• _Your objective_:
Go over the data and keep only the lines that include "translation".

• _Excerpted data_:
lemma mem_closed_cube_axis_shift:
  "(y + t *\<^sub>R axis i 1 :: real^'n) \<in> closed_cube r \<longleftrightarrow>
   (\<forall>j. j \<noteq> i \<longrightarrow> -(r/2) \<le> y$j \<and> y$j \<le> r/2) \<and> -(r/2) \<le> y$i + t \<and> y$i + t \<le> r/2"
  unfolding mem_closed_cube_axis[of _ r i] axis_shift_nth by simp

lemma has_integral_translate_cbox:
  fixes g :: "'a::euclidean_space \<Rightarrow> 'b::real_normed_vector"
  assumes "(g has_integral I) (cbox a b)"
  shows "((\<lambda>y. g (y + c)) has_integral I) {y. y + c \<in> cbox a b}"
proof -
  have "cbox (a - c) (b - c) = {y. y + c \<in> cbox a b}"
    by (auto simp: mem_box algebra_simps inner_diff_left inner_add_left)
  then show ?thesis using has_integral_shift_cbox[OF assms, of c] by simp
qed

text \<open>Cut the cube at \<open>y$i = r/2 - t\<close>: translation by \<open>t\<close> maps the lower piece onto the slab
  \<open>y$i \<ge> t - r/2\<close> of the cube, and translation by \<open>t - r\<close>, allowed by periodicity, maps the
  upper piece onto the complementary slab.\<close>
lemma has_integral_periodic_axis_shift_bounded:
  fixes g :: "real^'n \<Rightarrow> 'b::banach"
  assumes t: "0 \<le> t" "t \<le> r"
    and per: "\<And>y. g (y + r *\<^sub>R axis i 1) = g y"
    and int: "g integrable_on closed_cube r"
  shows "((\<lambda>y. g (y + t *\<^sub>R axis i 1)) has_integral integral (closed_cube r) g) (closed_cube r)"
proof -
  let ?C = "closed_cube r :: (real^'n) set"
  define e :: "real^'n" where "e = axis i 1"
  have e: "e \<in> Basis" unfolding e_def by (simp add: cart_eq_inner_axis)
  define L where "L = ?C \<inter> {x. x \<bullet> e \<le> t - r/2}"
  define U where "U = ?C \<inter> {x. x \<bullet> e \<ge> t - r/2}"
  obtain pL qL where L: "L = cbox pL qL" using interval_split(1)[OF e] L_def by blast
  obtain pU qU where U: "U = cbox pU qU" using interval_split(2)[OF e] U_def by blast
  have split: "integral ?C g = integral L g + integral U g"
    unfolding L_def U_def by (rule integral_split[OF int e])
  have "(g has_integral integral U g) (cbox pU qU)"
    using integrable_split(2)[OF int e] U U_def by (metis integrable_integral)
  moreover have "{y. y + t *\<^sub>R e \<in> cbox pU qU} = ?C \<inter> {x. x \<bullet> e \<le> r/2 - t}"
    unfolding U[symmetric] U_def e_def
    using t by (simp only: set_eq_iff mem_Collect_eq Int_iff mem_closed_cube_axis[of _ r i]
        mem_closed_cube_axis_shift inner_axis axis_shift_nth) auto
  ultimately have lower: "((\<lambda>y. g (y + t *\<^sub>R e)) has_integral integral U g) (?C \<inter> {x. x \<bullet> e \<le> r/2 - t})"
    using has_integral_translate_cbox by metis
  have "(g has_integral integral L g) (cbox pL qL)"
    using integrable_split(1)[OF int e] L L_def by (metis integrable_integral)
  moreover have "{y. y + (t - r) *\<^sub>R e \<in> cbox pL qL} = ?C \<inter> {x. x \<bullet> e \<ge> r/2 - t}"
    unfolding L[symmetric] L_def e_def
    using t by (simp only: set_eq_iff mem_Collect_eq Int_iff mem_closed_cube_axis[of _ r i]
        mem_closed_cube_axis_shift inner_axis axis_shift_nth) auto
  moreover have "g (y + (t - r) *\<^sub>R e) = g (y + t *\<^sub>R e)" for y
    using per[of "y + (t - r) *\<^sub>R e"] unfolding e_def by (simp add: algebra_simps)
  ultimately have upper: "((\<lambda>y. g (y + t *\<^sub>R e)) has_integral integral L g) (?C \<inter> {x. x \<bullet> e \<ge> r/2 - t})"
    using has_integral_translate_cbox[of g "integral L g" pL qL "(t - r) *\<^sub>R e"] by simp
  have "((\<lambda>y. g (y + t *\<^sub>R e)) has_integral integral U g + integral L g) ?C"
    using has_integral_split[OF lower upper e] .
  then show ?thesis unfolding split e_def by (simp add: add.commute)
qed

lemma has_integral_periodic_axis_shift:
  fixes g :: "real^'n \<Rightarrow> 'b::banach"
  assumes r: "r > 0"
    and per: "\<And>y. g (y + r *\<^sub>R axis i 1) = g y"
    and int: "g integrable_on closed_cube r"
  shows "((\<lambda>y. g (y + t *\<^sub>R axis i 1)) has_integral integral (closed_cube r) g) (closed_cube r)"
proof -
  define k where "k = \<lfloor>t / r\<rfloor>"
  define s where "s = t - real_of_int k * r"
  have s: "0 \<le> s" "s \<le> r"
    unfolding s_def k_def
    using floor_divide_lower[OF r, of t] floor_divide_upper[OF r, of t] by (simp_all add: algebra_simps)
  have "g (y + t *\<^sub>R axis i 1) = g (y + s *\<^sub>R axis i 1)" for y
    using periodic_int_multiple[of g r "axis i 1" "y + s *\<^sub>R axis i 1" k] per
    unfolding s_def by (simp add: algebra_simps)
  then show ?thesis
    using has_integral_periodic_axis_shift_bounded[OF s per int] by simp
qed

lemma has_integral_periodic_shift:
  fixes g :: "real^'n \<Rightarrow> 'b::banach"
  assumes r: "r > 0"
    and per: "\<And>y i. g (y + r *\<^sub>R axis i 1) = g y"
    and int: "g integrable_on closed_cube r"
  shows "((\<lambda>y. g (y + v)) has_integral integral (closed_cube r) g) (closed_cube r)"
proof -
  let ?C = "closed_cube r :: (real^'n) set"
  have "((\<lambda>y. g (y + (\<Sum>i\<in>S. v$i *\<^sub>R axis i 1))) has_integral integral ?C g) ?C" for S
  proof (induction S rule: infinite_finite_induct)
    case (insert j S)
    define h where "h = (\<lambda>y. g (y + (\<Sum>i\<in>S. v$i *\<^sub>R axis i 1)))"
    have h: "(h has_integral integral ?C g) ?C"
      unfolding h_def by (rule insert.IH)
    have "h (y + r *\<^sub>R axis i 1) = h y" for y i
      using per[of "y + (\<Sum>i\<in>S. v$i *\<^sub>R axis i 1)" i] unfolding h_def by (simp add: add_ac)
    from has_integral_periodic_axis_shift[where t = "v$j", OF r this has_integral_integrable[OF h]]
    have "((\<lambda>y. h (y + v$j *\<^sub>R axis j 1)) has_integral integral ?C g) ?C"
      unfolding integral_unique[OF h] .
    then show ?case unfolding h_def using insert.hyps by (simp add: add_ac)
  qed (use int in \<open>simp_all add: integrable_integral\<close>)
  note this[of UNIV]
  moreover have "(\<Sum>i\<in>UNIV. v$i *\<^sub>R axis i 1) = v"
    using basis_expansion[of v] by (simp add: scalar_mult_eq_scaleR)
  ultimately show ?thesis by simp
qed

lemma integral_periodic_shift:
  fixes g :: "real^'n \<Rightarrow> 'b::banach"
  assumes r: "r > 0"
    and per: "\<And>y i. g (y + r *\<^sub>R axis i 1) = g y"
  shows "integral (closed_cube r) (\<lambda>y. g (y + v)) = integral (closed_cube r) g"
proof (cases "g integrable_on closed_cube r")
  case True
  then show ?thesis by (rule integral_unique[OF has_integral_periodic_shift[OF r per]])
next
  case False
  have "\<not> (\<lambda>y. g (y + v)) integrable_on closed_cube r"
  proof (rule contrapos_nn[OF False])
    assume int: "(\<lambda>y. g (y + v)) integrable_on closed_cube r"
    have "g (y + r *\<^sub>R axis i 1 + v) = g (y + v)" for y i
      using per[of "y + v" i] by (simp add: add_ac)
    from has_integral_integrable[OF has_integral_periodic_shift[where v = "-v", OF r this int]]
    show "g integrable_on closed_cube r" by simp
      qed
  then show ?thesis using False by (simp add: not_integrable_integral)
qed

lemma integral_cube_periodic_shift:
  fixes g :: "real^'n \<Rightarrow> 'b::banach"
  assumes "r > 0" and "\<And>y i. g (y + r *\<^sub>R axis i 1) = g y"
  shows "integral (cube r) (\<lambda>y. g (y + v)) = integral (cube r) g"
  unfolding cube_def integral_open_interval using assms by (rule integral_periodic_shift)

lemma UNIV_neq_cbox: "\<not> (\<exists>a b. (UNIV::'a::euclidean_space set) = cbox a b)"
  using bounded_cbox not_bounded_UNIV by metis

• _Answer to this problem_:
text \<open>Cut the cube at \<open>y$i = r/2 - t\<close>: translation by \<open>t\<close> maps the lower piece onto the slab
  \<open>y$i \<ge> t - r/2\<close> of the cube, and translation by \<open>t - r\<close>, allowed by periodicity, maps the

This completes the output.